Go to the line holding "scalogram of \<open>X\<close>" in the entries below and write out exactly every line down to and including the line holding "of \<open>F\<close> as".
___ TASK INPUT
(* Let $q>1$, let $X$ be a real zero mean stationary random process with power spectrum $\mathscr{S}_X$, let $a$ be a positive real function and $\gamma$ a strictly increasing differentiable function. Let $\psi\in H^2(\mathbb{R})$ be such that $\hat\psi$ is bounded and $|\hat\psi(u)|=\mathcal{O}(u^{-\eta})$ as $u\to\infty$ for some $\eta>2$, and let $\varphi_1,\varphi_2$ be the bounded functions on $\mathbb{R}^+$ given by $\varphi_1(u)=u|\hat\psi(u)|^2$ and $\varphi_2(u)=u^2|\hat\psi(u)|$. Assume $$J_X=\int_0^\infty \xi^{-1}\mathscr{S}_X(\xi)\,d\xi<\infty .$$ Let $\widetilde{\mathcal{W}}_Y$ be a zero mean random field on $\mathbb{R}\times\mathbb{R}$ with covariance $$\mathbb{E}\{\widetilde{\mathcal{W}}_Y(s,\tau)\overline{\widetilde{\mathcal{W}}_Y(s',\tau')}\}=a(\tau)a(\tau')q^{\frac{s+s'}{2}}\sqrt{\gamma'(\tau)\gamma'(\tau')}\int_0^\infty\mathscr{S}_X(\xi)\overline{\hat\psi}(q^s\gamma'(\tau)\xi)\hat\psi(q^{s'}\gamma'(\tau')\xi)e^{2i\pi\xi(\gamma(\tau)-\gamma(\tau'))}d\xi .$$ Let $\tau_1,\dots,\tau_{N_\tau}$ be time samples and $s_1,\dots,s_{M_s}$ scale samples, and set $\theta_{n,1}=a(\tau_n)^2$, $\theta_{n,2}=\log_q(\gamma'(\tau_n))$, $\boldsymbol\theta_j=(\theta_{n,j})_{n}$. For each $k$, let $\tilde\theta^{(k)}_{n,1}$, $\tilde\theta^{(k)}_{n,2}$ ($1\le n\le N_\tau$) be estimates of these parameters (treated as deterministic), and assume there is $c_{\theta_1}>0$ with $\tilde\theta^{(k)}_{n,1}>c_{\theta_1}$ for all $n,k$. Define the spectrum estimate $$\tilde{\mathscr{S}}^{(k)}_X(q^{-s_m}\omega_0)=\frac{1}{N_\tau\|\psi\|_2^2}\sum_{n=1}^{N_\tau}\frac{1}{\tilde\theta^{(k)}_{n,1}}\Big|\widetilde{\mathcal{W}}_Y\big(s_m-\tilde\theta^{(k)}_{n,2},\tau_n\big)\Big|^2,$$ and the bias $b^{(k)}_{\mathscr{S}_X}(m)=\mathbb{E}\{\tilde{\mathscr{S}}^{(k)}_X(q^{-s_m}\omega_0)\}-\mathscr{S}_{X,\psi}(q^{-s_m}\omega_0)$ for $m=1,\dots,M_s$, where $$\mathscr{S}_{X,\psi}(q^{-s_m}\omega_0)=\frac{1}{\|\psi\|_2^2}\int_0^\infty\mathscr{S}_X(\xi)\,q^{s_m}|\hat\psi(q^{s_m}\xi)|^2\,d\xi .$$ Then $$\|b^{(k)}_{\mathscr{S}_X}\|_\infty\le\frac{J_X}{\|\psi\|_2^2}\Big(K'_1\|\boldsymbol\theta_1-\tilde{\boldsymbol\theta}^{(k)}_1\|_\infty+K'_2\|\tilde{\boldsymbol\theta}^{(k)}_2-\boldsymbol\theta_2\|_\infty\Big),$$ where $K'_1=\|\varphi_1\|_\infty/c_{\theta_1}<\infty$ and $K'_2=\ln(q)\big(\|\varphi_1\|_\infty+2\|\hat\psi'\|_\infty\|\varphi_2\|_\infty\big)<\infty$.
   Context: $H^2(\mathbb{R})=\{\psi\in L^2(\mathbb{R}):\operatorname{supp}\hat\psi\subset\mathbb{R}^+\}$, $\hat\psi$ the Fourier transform of $\psi$. The power spectrum $\mathscr{S}_X\ge0$ satisfies $\mathbb{E}\{X_tX_s\}=\int\mathscr{S}_X(\nu)e^{2i\pi\nu(t-s)}d\nu$. $\omega_0$ is the central frequency of $|\hat\psi|^2$. The field $\widetilde{\mathcal{W}}_Y$ models the approximate wavelet transform $a(\tau)\mathcal{W}_X(s+\log_q\gamma'(\tau),\gamma(\tau))$ of $Y_t=a(t)\sqrt{\gamma'(t)}X_{\gamma(t)}$, with $\mathcal{W}_X(s,\tau)=\int X_t\overline{q^{-s/2}\psi(q^{-s}(t-\tau))}dt$. Sup norms $\|\cdot\|_\infty$ of vectors are over $n=1,\dots,N_\tau$ (resp. $m=1,\dots,M_s$ for the bias), and of functions are suprema over their domain.
   Formalization: The Fourier transform $\hat\psi$ is also assumed differentiable on (0, infinity) with bounded derivative $\hat\psi'$. The paper assumes this as well. *)

theory Defs
  imports "HOL-Probability.Probability" "HOL-Library.Landau_Symbols"
begin

text \<open>The wavelet is represented through its Fourier transform Psi (psi hat).
  Squared L2 norm of psi, via Plancherel: integral of the squared modulus of Psi.\<close>
definition psi_sq_norm :: "(real \<Rightarrow> complex) \<Rightarrow> real" where
  "psi_sq_norm Psi = (\<integral>u. (cmod (Psi u))\<^sup>2 \<partial>lborel)"

definition phi1 :: "(real \<Rightarrow> complex) \<Rightarrow> real \<Rightarrow> real" where
  "phi1 Psi u = u * (cmod (Psi u))\<^sup>2"

definition phi2 :: "(real \<Rightarrow> complex) \<Rightarrow> real \<Rightarrow> real" where
  "phi2 Psi u = u\<^sup>2 * cmod (Psi u)"

definition sup_pos :: "(real \<Rightarrow> real) \<Rightarrow> real" where
  "sup_pos f = (SUP u\<in>{0<..}. \<bar>f u\<bar>)"

text \<open>The wavelet-smoothed spectrum S_{X,psi}(q^{-s} omega_0).\<close>
definition S_X_psi :: "(real \<Rightarrow> real) \<Rightarrow> (real \<Rightarrow> complex) \<Rightarrow> real \<Rightarrow> real \<Rightarrow> real" where
  "S_X_psi S Psi q s = (1 / psi_sq_norm Psi) *
     set_lebesgue_integral lborel {0<..} (\<lambda>\<xi>. S \<xi> * q powr s * (cmod (Psi (q powr s * \<xi>)))\<^sup>2)"

definition cov_W :: "(real \<Rightarrow> real) \<Rightarrow> (real \<Rightarrow> real) \<Rightarrow> (real \<Rightarrow> real) \<Rightarrow> (real \<Rightarrow> real)
   \<Rightarrow> (real \<Rightarrow> complex) \<Rightarrow> real \<Rightarrow> real \<Rightarrow> real \<Rightarrow> real \<Rightarrow> real \<Rightarrow> complex" where
  "cov_W a \<gamma> \<gamma>' S Psi q s \<tau> s' \<tau>' =
     complex_of_real (a \<tau> * a \<tau>' * q powr ((s + s') / 2) * sqrt (\<gamma>' \<tau> * \<gamma>' \<tau>')) *
     set_lebesgue_integral lborel {0<..} (\<lambda>\<xi>. complex_of_real (S \<xi>)
        * cnj (Psi (q powr s * \<gamma>' \<tau> * \<xi>)) * Psi (q powr s' * \<gamma>' \<tau>' * \<xi>)
        * exp (2 * \<i> * complex_of_real (pi * \<xi> * (\<gamma> \<tau> - \<gamma> \<tau>'))))"

end

theory Submission
  imports Defs
begin

text \<open>The expected scalogram of the deformed process at scale \<open>u\<close> and time \<open>\<tau>\<close> is
  \<open>a(\<tau>)\<^sup>2 F(u + log\<^sub>q \<gamma>'(\<tau>))\<close>, where \<open>F(v) = \<integral> S(\<xi>) q\<^sup>v |\<Psi>(q\<^sup>v \<xi>)|\<^sup>2 d\<xi>\<close> is the expected
  scalogram of \<open>X\<close> itself. Each summand of the bias is therefore
  \<open>a\<^sup>2/\<theta>\<^sub>1 F(v) - F(s) = (a\<^sup>2 - \<theta>\<^sub>1)/\<theta>\<^sub>1 F(v) + (F(v) - F(s))\<close>. Writing the integrand of \<open>F\<close> as
  \<open>S(\<xi>)/\<xi> \<phi>\<^sub>1(q\<^sup>v \<xi>)\<close> bounds \<open>|F|\<close> by \<open>\<parallel>\<phi>\<^sub>1\<parallel>\<^sub>\<infinity> J\<^sub>X\<close>, which controls the first part;
  differentiating the integrand in \<open>v\<close> shows that \<open>F\<close> is Lipschitz with constant
  \<open>ln q (\<parallel>\<phi>\<^sub>1\<parallel>\<^sub>\<infinity> + 2\<parallel>\<Psi>'\<parallel>\<^sub>\<infinity>\<parallel>\<phi>\<^sub>2\<parallel>\<^sub>\<infinity>) J\<^sub>X\<close>, which controls the second.\<close>

lemma bigo_powr_imp_inverse_square_bound:
  fixes f :: "real \<Rightarrow> real"
  assumes \<eta>: "\<eta> \<ge> 2" and decay: "f \<in> O[at_top](\<lambda>u. u powr (- \<eta>))"
  obtains c U where "c \<ge> 0" "U \<ge> 1" "\<And>u. u \<ge> U \<Longrightarrow> \<bar>f u\<bar> \<le> c / u\<^sup>2"
proof -
  obtain c where c: "c > 0" and "eventually (\<lambda>u. norm (f u) \<le> c * norm (u powr (- \<eta>))) at_top"
    using landau_o.bigE[OF decay] by blast
  then obtain U0 where U0: "\<And>u. u \<ge> U0 \<Longrightarrow> \<bar>f u\<bar> \<le> c * \<bar>u powr (- \<eta>)\<bar>"
    unfolding eventually_at_top_linorder by auto
  have "\<bar>f u\<bar> \<le> c / u\<^sup>2" if "u \<ge> max U0 1" for u
  proof -
    have "\<bar>f u\<bar> \<le> c * u powr (- \<eta>)" using U0[of u] that by simp
    also have "\<dots> \<le> c * u powr (- 2)" using that \<eta> c by (intro mult_left_mono powr_mono) auto
    also have "\<dots> = c / u\<^sup>2" using that by (simp add: powr_minus_divide powr_realpow)
    finally show ?thesis .
  qed
  then show thesis using c by (intro that[of c "max U0 1"]) auto
qed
______
» ANSWER TO THE EXERCISE:
  scalogram of \<open>X\<close> itself. Each summand of the bias is therefore
  \<open>a\<^sup>2/\<theta>\<^sub>1 F(v) - F(s) = (a\<^sup>2 - \<theta>\<^sub>1)/\<theta>\<^sub>1 F(v) + (F(v) - F(s))\<close>. Writing the integrand of \<open>F\<close> as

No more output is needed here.